Collected data entries
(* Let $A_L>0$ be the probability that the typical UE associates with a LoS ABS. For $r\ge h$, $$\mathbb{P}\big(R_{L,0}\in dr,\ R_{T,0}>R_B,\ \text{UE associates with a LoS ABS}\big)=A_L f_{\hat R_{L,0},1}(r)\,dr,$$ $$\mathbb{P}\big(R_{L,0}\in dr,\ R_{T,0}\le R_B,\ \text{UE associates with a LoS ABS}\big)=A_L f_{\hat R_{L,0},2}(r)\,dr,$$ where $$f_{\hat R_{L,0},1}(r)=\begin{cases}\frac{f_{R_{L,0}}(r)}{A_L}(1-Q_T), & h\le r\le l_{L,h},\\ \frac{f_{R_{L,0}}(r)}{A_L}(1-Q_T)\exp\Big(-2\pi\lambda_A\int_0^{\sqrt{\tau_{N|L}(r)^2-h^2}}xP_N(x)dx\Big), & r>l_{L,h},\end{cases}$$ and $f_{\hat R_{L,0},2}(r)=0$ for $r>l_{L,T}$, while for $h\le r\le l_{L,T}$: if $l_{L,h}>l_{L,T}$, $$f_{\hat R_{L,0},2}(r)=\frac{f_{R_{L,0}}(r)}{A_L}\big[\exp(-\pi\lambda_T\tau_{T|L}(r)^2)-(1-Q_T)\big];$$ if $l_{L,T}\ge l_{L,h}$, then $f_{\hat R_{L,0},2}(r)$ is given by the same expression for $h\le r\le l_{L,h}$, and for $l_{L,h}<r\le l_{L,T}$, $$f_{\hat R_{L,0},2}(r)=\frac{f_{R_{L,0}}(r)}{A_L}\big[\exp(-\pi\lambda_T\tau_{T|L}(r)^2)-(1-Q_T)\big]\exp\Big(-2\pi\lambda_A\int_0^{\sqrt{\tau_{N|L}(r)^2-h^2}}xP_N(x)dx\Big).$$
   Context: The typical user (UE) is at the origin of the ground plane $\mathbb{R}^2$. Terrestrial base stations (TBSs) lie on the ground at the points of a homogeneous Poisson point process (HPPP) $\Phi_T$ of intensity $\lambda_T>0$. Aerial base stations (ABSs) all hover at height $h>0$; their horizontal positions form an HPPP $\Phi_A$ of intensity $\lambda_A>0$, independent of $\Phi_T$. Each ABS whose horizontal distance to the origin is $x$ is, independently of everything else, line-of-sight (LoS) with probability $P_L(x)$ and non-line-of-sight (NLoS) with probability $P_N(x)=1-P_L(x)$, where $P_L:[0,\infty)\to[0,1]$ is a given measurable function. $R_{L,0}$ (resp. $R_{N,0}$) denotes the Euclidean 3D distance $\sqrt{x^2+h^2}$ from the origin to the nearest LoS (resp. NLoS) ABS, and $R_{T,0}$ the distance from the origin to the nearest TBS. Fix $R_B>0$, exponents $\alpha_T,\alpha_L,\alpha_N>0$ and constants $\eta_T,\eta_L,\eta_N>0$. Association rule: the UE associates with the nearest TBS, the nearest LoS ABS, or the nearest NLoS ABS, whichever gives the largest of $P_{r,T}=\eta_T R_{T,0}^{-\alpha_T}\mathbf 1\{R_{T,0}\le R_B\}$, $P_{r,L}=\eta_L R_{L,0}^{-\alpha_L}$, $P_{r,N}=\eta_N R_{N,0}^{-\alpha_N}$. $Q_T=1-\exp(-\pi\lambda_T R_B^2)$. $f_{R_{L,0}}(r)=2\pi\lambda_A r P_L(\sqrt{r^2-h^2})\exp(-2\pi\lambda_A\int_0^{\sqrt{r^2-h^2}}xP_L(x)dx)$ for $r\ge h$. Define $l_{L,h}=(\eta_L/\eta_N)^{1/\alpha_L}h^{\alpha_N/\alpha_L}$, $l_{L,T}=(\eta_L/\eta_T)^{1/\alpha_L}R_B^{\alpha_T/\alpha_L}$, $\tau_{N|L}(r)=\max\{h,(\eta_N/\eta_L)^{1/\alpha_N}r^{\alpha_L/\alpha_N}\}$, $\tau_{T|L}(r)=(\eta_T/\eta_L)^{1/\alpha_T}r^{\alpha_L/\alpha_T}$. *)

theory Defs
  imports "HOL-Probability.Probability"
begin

What you need to do | Please state the number of lines in the data above that hold the word "begin", without any other text.

Exercise output | 2